What is required ▸
Wherever "proof" shows up in the records below, copy the whole line.

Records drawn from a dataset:
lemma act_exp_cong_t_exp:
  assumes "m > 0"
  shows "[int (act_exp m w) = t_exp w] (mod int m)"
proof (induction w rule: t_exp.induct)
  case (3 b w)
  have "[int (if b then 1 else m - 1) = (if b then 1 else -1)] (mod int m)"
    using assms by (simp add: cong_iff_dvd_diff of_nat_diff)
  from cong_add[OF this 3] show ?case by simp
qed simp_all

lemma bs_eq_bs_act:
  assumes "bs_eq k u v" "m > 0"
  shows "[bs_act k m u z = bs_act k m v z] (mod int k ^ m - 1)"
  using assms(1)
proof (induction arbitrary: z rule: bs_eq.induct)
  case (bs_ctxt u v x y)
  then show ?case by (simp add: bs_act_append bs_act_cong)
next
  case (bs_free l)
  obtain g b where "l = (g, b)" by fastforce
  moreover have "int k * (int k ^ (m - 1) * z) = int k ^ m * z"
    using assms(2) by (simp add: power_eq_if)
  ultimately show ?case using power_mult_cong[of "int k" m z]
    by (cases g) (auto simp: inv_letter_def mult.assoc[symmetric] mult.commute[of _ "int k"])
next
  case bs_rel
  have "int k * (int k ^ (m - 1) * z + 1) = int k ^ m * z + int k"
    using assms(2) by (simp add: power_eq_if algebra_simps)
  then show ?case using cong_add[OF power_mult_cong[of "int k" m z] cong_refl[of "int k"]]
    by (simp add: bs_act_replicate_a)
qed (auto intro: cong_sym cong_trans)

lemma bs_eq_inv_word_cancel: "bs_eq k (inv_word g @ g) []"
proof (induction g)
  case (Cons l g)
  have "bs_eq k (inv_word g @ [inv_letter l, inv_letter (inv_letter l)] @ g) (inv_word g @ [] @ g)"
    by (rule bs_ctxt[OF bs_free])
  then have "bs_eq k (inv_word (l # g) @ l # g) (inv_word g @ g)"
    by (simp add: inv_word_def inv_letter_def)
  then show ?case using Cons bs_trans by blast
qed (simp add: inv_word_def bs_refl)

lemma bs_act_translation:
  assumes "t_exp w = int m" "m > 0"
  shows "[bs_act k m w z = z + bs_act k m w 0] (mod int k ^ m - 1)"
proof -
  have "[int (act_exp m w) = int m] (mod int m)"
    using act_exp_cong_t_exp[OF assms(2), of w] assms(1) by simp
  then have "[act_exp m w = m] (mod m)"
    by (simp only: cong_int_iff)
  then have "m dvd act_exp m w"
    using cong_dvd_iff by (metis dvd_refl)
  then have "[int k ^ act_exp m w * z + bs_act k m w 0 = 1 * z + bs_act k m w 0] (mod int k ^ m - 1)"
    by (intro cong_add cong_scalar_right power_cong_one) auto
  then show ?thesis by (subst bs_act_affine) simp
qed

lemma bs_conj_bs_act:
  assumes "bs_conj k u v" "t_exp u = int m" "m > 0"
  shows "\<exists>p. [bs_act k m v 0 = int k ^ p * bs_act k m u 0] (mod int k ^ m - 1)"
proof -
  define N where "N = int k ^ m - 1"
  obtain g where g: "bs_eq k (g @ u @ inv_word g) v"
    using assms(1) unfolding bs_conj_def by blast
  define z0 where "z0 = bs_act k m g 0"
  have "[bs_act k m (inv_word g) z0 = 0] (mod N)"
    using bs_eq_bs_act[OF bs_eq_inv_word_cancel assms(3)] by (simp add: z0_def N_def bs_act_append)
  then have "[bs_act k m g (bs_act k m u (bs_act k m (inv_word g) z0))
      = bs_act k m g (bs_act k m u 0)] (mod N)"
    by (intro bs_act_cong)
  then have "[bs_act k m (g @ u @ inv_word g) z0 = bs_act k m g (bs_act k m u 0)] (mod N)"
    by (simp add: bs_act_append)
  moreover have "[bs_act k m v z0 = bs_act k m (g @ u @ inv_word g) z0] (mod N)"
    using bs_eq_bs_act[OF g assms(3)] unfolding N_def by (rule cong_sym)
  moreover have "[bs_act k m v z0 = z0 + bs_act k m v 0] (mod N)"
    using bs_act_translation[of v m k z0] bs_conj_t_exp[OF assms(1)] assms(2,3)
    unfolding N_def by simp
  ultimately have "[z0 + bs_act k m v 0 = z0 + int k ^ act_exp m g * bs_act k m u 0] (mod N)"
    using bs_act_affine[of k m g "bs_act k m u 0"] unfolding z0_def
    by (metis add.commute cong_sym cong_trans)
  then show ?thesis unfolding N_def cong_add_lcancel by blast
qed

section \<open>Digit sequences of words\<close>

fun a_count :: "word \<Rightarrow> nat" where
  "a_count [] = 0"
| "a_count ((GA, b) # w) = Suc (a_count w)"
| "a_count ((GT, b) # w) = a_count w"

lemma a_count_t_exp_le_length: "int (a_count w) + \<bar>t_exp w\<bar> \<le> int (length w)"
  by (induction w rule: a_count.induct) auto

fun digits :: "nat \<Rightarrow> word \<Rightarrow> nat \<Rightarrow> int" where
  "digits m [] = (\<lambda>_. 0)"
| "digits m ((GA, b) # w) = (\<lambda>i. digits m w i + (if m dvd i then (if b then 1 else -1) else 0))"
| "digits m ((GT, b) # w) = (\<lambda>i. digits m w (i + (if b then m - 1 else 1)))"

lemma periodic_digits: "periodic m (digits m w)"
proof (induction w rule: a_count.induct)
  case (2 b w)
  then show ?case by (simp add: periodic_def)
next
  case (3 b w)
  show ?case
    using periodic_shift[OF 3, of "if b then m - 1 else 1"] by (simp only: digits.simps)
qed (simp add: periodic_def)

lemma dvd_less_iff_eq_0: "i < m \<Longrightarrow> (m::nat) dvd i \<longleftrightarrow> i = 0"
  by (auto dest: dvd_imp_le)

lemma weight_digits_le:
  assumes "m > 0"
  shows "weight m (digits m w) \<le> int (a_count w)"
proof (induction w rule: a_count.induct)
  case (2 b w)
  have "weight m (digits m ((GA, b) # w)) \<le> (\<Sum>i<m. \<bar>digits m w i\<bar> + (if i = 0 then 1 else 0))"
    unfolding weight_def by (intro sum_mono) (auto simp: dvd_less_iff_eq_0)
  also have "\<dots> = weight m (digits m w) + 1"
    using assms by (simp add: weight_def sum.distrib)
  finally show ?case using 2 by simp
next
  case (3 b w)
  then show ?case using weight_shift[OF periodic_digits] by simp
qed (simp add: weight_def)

Output of the exercise ▸
proof (induction w rule: t_exp.induct)
proof (induction arbitrary: z rule: bs_eq.induct)
proof (induction g)
proof -
proof -
proof (induction w rule: a_count.induct)
proof (induction w rule: a_count.induct)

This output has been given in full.